:: AIM OF THE EXERCISE ::
Repeat exactly, and only, the lines of the entries below from the one with "c) then \<phi>" through the one with "then show ?thesis", both ends included.

:: INPUT DATA ::
Start of Block

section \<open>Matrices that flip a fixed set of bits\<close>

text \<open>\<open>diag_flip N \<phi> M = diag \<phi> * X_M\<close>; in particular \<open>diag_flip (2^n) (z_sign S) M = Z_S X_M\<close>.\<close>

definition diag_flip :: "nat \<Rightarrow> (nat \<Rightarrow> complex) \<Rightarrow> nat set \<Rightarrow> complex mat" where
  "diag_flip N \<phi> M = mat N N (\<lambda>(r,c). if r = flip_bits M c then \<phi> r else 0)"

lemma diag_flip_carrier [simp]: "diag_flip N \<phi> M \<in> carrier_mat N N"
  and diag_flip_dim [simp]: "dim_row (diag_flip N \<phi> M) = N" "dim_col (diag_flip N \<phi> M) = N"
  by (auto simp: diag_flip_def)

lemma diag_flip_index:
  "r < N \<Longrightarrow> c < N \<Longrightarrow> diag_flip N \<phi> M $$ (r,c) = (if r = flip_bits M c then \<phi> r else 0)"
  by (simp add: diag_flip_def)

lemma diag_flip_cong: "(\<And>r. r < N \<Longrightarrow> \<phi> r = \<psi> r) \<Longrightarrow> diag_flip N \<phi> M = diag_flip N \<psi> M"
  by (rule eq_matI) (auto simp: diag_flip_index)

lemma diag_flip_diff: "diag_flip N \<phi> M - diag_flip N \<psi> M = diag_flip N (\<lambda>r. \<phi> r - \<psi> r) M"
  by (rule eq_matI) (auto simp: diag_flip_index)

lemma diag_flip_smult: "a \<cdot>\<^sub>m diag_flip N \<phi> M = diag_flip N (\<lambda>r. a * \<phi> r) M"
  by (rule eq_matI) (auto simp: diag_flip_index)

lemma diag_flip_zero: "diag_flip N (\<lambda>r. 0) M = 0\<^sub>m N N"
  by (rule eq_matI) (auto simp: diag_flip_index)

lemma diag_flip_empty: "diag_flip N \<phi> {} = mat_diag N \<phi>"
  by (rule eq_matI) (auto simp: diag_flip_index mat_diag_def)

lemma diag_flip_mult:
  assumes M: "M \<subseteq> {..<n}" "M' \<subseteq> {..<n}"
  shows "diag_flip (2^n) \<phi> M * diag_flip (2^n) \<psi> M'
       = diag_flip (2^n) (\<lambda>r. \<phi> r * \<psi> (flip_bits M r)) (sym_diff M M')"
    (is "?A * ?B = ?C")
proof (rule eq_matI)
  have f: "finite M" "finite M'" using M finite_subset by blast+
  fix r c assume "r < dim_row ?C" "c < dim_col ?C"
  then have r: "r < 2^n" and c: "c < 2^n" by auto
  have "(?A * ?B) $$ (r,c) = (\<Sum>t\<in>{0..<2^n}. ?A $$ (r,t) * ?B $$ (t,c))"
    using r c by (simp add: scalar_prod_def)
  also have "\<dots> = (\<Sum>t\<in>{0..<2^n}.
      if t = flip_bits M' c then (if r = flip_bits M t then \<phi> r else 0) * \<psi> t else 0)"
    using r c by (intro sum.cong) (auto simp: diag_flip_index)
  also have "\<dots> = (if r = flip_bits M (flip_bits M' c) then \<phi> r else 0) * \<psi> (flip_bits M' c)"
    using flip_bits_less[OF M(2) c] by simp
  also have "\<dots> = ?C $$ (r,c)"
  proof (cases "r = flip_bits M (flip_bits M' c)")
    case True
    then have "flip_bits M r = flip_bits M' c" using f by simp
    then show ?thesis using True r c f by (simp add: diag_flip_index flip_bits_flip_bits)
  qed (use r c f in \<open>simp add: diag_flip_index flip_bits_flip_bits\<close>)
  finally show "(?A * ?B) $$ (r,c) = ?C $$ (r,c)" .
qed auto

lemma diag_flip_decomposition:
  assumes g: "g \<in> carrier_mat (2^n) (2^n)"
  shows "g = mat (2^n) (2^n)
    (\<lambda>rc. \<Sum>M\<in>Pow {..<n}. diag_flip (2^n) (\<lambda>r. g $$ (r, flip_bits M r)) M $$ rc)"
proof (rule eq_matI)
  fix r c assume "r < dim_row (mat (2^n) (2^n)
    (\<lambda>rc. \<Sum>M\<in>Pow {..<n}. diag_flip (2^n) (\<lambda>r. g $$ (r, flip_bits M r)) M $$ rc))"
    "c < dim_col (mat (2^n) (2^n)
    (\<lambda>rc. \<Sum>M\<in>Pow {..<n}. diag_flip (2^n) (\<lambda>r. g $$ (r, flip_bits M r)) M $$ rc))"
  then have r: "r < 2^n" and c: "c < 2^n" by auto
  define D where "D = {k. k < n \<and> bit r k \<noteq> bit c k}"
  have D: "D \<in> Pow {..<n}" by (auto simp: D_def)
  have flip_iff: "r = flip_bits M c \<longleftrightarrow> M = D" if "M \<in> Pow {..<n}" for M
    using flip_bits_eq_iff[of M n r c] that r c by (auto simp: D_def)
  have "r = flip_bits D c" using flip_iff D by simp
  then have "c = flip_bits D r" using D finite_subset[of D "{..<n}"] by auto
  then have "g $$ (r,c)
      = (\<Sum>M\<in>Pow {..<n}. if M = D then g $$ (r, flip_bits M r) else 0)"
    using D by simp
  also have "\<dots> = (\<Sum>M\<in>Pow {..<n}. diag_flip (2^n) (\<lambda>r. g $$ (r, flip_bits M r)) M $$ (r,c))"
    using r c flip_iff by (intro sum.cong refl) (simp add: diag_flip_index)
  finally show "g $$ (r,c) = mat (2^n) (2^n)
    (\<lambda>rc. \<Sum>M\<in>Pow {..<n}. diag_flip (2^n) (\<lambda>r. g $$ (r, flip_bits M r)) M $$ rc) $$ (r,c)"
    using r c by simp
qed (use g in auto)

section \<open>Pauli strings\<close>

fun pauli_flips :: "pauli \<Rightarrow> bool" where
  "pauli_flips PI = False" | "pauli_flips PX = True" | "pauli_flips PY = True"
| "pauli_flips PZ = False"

End of Block

:: OUTPUT OF THE EXERCISE ::
  also have "\<dots> = (if r = flip_bits M (flip_bits M' c) then \<phi> r else 0) * \<psi> (flip_bits M' c)"
    using flip_bits_less[OF M(2) c] by simp
  also have "\<dots> = ?C $$ (r,c)"
  proof (cases "r = flip_bits M (flip_bits M' c)")
    case True
    then have "flip_bits M r = flip_bits M' c" using f by simp
    then show ?thesis using True r c f by (simp add: diag_flip_index flip_bits_flip_bits)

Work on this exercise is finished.